Recognition, but work still remains
Two decades after the project began, the community’s efforts earned the Para el Mar Best Mangrove Award, a prize granted every two years by the Marine Protected Areas Network, together with the DENR and the Bureau of Fisheries and Aquatic Resources (BFAR). In the same competition, the MARILAG fish sanctuary bagged the award for best enforcement.
Despite these recent accolades, challenges remain.
Typhoons are a major concern, especially as climate change contributes to more frequent and powerful storms.
In 2019, Typhoon Kammuri (known in the Philippines as Tisoy) struck the village, destroying Lopido’s nipa stilt hut and washed away a fisher’s washing machine that they were still paying for.
“It was painful, especially because you worked so hard to build it only to have it destroyed in a day,” Lopido said.
Nonetheless, Lopido said that without the mangroves there to shield them, they would have face significantly more harm.
According to SEAMANCOR’s Domdom, the town proper no longer floods during typhoons since the forest was replanted.

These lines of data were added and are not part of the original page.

abbreviation selected_edges :: "(nat \<times> nat) set \<Rightarrow> (nat \<Rightarrow> nat \<Rightarrow> real) \<Rightarrow> (nat \<times> nat) set" where
  "selected_edges E x \<equiv> {(i, j)\<in>E. x i j = 1}"

lemma F2Q_feasibleD:
  assumes "F2Q_feasible n E \<delta> L x w"
  shows F2Q_x_binary: "\<And>i j. (i, j) \<in> E \<Longrightarrow> x i j \<in> {0, 1}"
    and F2Q_x_sym: "\<And>i j. (i, j) \<in> E \<Longrightarrow> x i j = x j i"
    and F2Q_w_sym: "\<And>i j l. i \<in> {1..n} \<Longrightarrow> j \<in> {1..n} \<Longrightarrow> i \<noteq> j \<Longrightarrow> l \<in> {1..L} \<Longrightarrow>
      w l i j = w l j i"
    and F2Q_w_bounded: "\<And>i j l. i \<in> {1..n} \<Longrightarrow> j \<in> {1..n} \<Longrightarrow> i \<noteq> j \<Longrightarrow> l \<in> {1..L} \<Longrightarrow>
      0 \<le> w l i j \<and> w l i j \<le> 1"
    and F2Q_w1_edge: "\<And>i j. (i, j) \<in> E \<Longrightarrow> w 1 i j = x i j"
    and F2Q_w1_nonedge: "\<And>i j. i \<in> {1..n} \<Longrightarrow> j \<in> {1..n} \<Longrightarrow> i < j \<Longrightarrow> (i, j) \<notin> E \<Longrightarrow> w 1 i j = 0"
    and F2Q_w_edge: "\<And>i j l. (i, j) \<in> E \<Longrightarrow> i < j \<Longrightarrow> l \<in> {2..L} \<Longrightarrow>
      w l i j \<le> x i j + (\<Sum>k\<in>{k\<in>{1..n}. k \<noteq> j \<and> (i, k) \<in> E}. x i k * w (l - 1) k j)"
    and F2Q_w_nonedge: "\<And>i j l. i \<in> {1..n} \<Longrightarrow> j \<in> {1..n} \<Longrightarrow> i < j \<Longrightarrow> (i, j) \<notin> E \<Longrightarrow>
      l \<in> {2..L} \<Longrightarrow> w l i j \<le> (\<Sum>k\<in>{k\<in>{1..n}. k \<noteq> j \<and> (i, k) \<in> E}. x i k * w (l - 1) k j)"
    and F2Q_w_last: "\<And>i j. i \<in> {1..n} \<Longrightarrow> j \<in> {1..n} \<Longrightarrow> i < j \<Longrightarrow> w L i j = 1"
    and F2Q_degree: "\<And>i. i \<in> {1..n} \<Longrightarrow> (\<Sum>j\<in>{j\<in>{1..n}. (i, j) \<in> E}. x i j) = real (\<delta> i)"
  using assms unfolding F2Q_feasible_def by (auto dest: bspec)

lemma F2Q_selected_edges_sym:
  assumes F: "F2Q_feasible n E \<delta> L x w" and "sym E"
  shows "sym (selected_edges E x)"
proof (rule symI)
  fix i j assume "(i, j) \<in> selected_edges E x"
  then show "(j, i) \<in> selected_edges E x"
    using F2Q_x_sym[OF F, of i j] \<open>sym E\<close> by (auto dest: symD)
qed

lemma F2Q_positive_level_cases:
  assumes F: "F2Q_feasible n E \<delta> L x w"
    and ij: "i \<in> {1..n}" "j \<in> {1..n}" "i < j" and l: "l \<in> {1..L}" and pos: "0 < w l i j"
  shows "(i, j) \<in> selected_edges E x \<or>
    (\<exists>k\<in>{1..n}. k \<noteq> j \<and> (i, k) \<in> selected_edges E x \<and> 0 < w (l - 1) k j \<and> 2 \<le> l)"
proof (cases "(i, j) \<in> selected_edges E x")
  case False
  define K where "K = {k\<in>{1..n}. k \<noteq> j \<and> (i, k) \<in> E}"
  have "l \<noteq> 1"
    using False pos F2Q_w1_nonedge[OF F ij] F2Q_w1_edge[OF F] F2Q_x_binary[OF F] by fastforce
  then have "l \<in> {2..L}"
    using l by simp
  have "x i j = 0" if "(i, j) \<in> E"
    using False that F2Q_x_binary[OF F that] by auto
  then have "0 < (\<Sum>k\<in>K. x i k * w (l - 1) k j)"
    using pos F2Q_w_edge[OF F _ ij(3) \<open>l \<in> {2..L}\<close>] F2Q_w_nonedge[OF F ij _ \<open>l \<in> {2..L}\<close>]
    unfolding K_def by (cases "(i, j) \<in> E") fastforce+
  then obtain k where k: "k \<in> K" "0 < x i k * w (l - 1) k j"
    by (meson not_le sum_nonpos)
  then have "x i k = 1"
    using F2Q_x_binary[OF F] unfolding K_def by fastforce
  then show ?thesis
    using k \<open>l \<in> {2..L}\<close> unfolding K_def by auto
qed simp

lemma F2Q_positive_level_tdist:
  assumes F: "F2Q_feasible n E \<delta> L x w" and G: "graph_on {1..n} E"
  shows "l \<in> {1..L} \<Longrightarrow> i \<in> {1..n} \<Longrightarrow> j \<in> {1..n} \<Longrightarrow> i \<noteq> j \<Longrightarrow> 0 < w l i j \<Longrightarrow>
    reachable (selected_edges E x) i j \<and> tdist (selected_edges E x) i j \<le> l"
proof (induction l arbitrary: i j)
  case (Suc l)
  let ?X = "selected_edges E x"
  have ordered: "reachable ?X a b \<and> tdist ?X a b \<le> Suc l"
    if ab: "a \<in> {1..n}" "b \<in> {1..n}" "a < b" "0 < w (Suc l) a b" for a b
    using F2Q_positive_level_cases[OF F ab(1-3) Suc.prems(1) ab(4)]
  proof (elim disjE bexE conjE)
    assume "(a, b) \<in> ?X"
    then have "reachable ?X a b" "tdist ?X a b \<le> 1"
      using reachable_Cons[of a b ?X b] tdist_edge_le[of a b ?X] by simp_all
    then show ?thesis
      by simp
  next
    fix k assume k: "k \<in> {1..n}" "k \<noteq> b" "(a, k) \<in> ?X" "0 < w (Suc l - 1) k b" "2 \<le> Suc l"
    moreover have "l \<in> {1..L}"
      using Suc.prems(1) k(5) by simp
    ultimately have "reachable ?X k b \<and> tdist ?X k b \<le> l"
      using Suc.IH[of k b] ab(2) by simp
    then show ?thesis
      using reachable_Cons[OF k(3), of b] tdist_Cons_le[OF k(3), of b] by auto
  qed
  have "sym ?X"
    using F2Q_selected_edges_sym[OF F] G unfolding graph_on_def by blast
  show ?case
  proof (cases "i < j")
    case True
    then show ?thesis
      using ordered Suc.prems by blast
  next
    case False
    then have ji: "reachable ?X j i" "tdist ?X j i \<le> Suc l"
      using ordered[of j i] F2Q_w_sym[OF F Suc.prems(2-4,1)] Suc.prems by auto
    then show ?thesis
      using reachable_sym[OF \<open>sym ?X\<close> ji(1)] tdist_sym[OF \<open>sym ?X\<close> ji(1)] by simp
  qed
qed simp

He also credited mangrove restoration with improving protection from extreme weather.
The municipality’s natural defenses would be further strengthened by reforesting abandoned and unproductive fish farms in the village’s intertidal zones, ZSL’s Loma said. “The ideal site for mangrove rehabilitation is the middle to upper intertidal areas where fishponds are located,” she said.
However, due to issues related to land tenure, the local government has been unable to rehabilitate these zones. Romeo Domasian, the current mayor, said the tenants of these areas became indebted to banks through a program known as the Fishpond Lease Agreement, the same program that accelerated the development of fish farms across the country under the administration of Ferdinand Marcos.
Under the program, which took off in the mid-1970s, fish farmers and private entities were able to use publicly owned intertidal land as collateral to obtain loans to develop fish farms from the Development Bank of the Philippines. According to a ZSL analysis of the program, many parties defaulted on their loans, leading the bank to foreclose on formerly public land, including many mangrove forests.
Domdom said reclaiming and reforesting these lands would benefit the residents of Prieto Diaz. “Imagine if these areas could be used as additional habitats for juvenile fishes?”
Looking to the future
Sustainability of the mangroves and the programs that support them is a continuous challenge, former mayor Doma said. Part of the solution has been adaptability, with SEAMANCOR’s livelihood initiatives ranging from catering to visiting school groups to supplying mangrove propagules to a local government in nearby Camarines Sur province, to filling a contract from the local government to provide meals to people quarantined during the COVID-19 pandemic.
Domdom said the organization has demonstrated that it can generate enough revenue to sustain itself, provided it has full backing from the local government, which has been a consistent client. “[SEAMANCOR’s] finances should have shrunk throughout the pandemic, yet the opposite happened.”
He said this leaves him optimistic that the group’s proposal for another 25-year stewardship contract with the DENR will be approved.
Banner image: Victor Emata, a SEAMANCOR-trained tour guide who also runs a baklad (fish farm). He claims that after losing everything when a typhoon destroyed their baklad, they will be able to recover within a year. Image by Mavic Conde for Mongabay.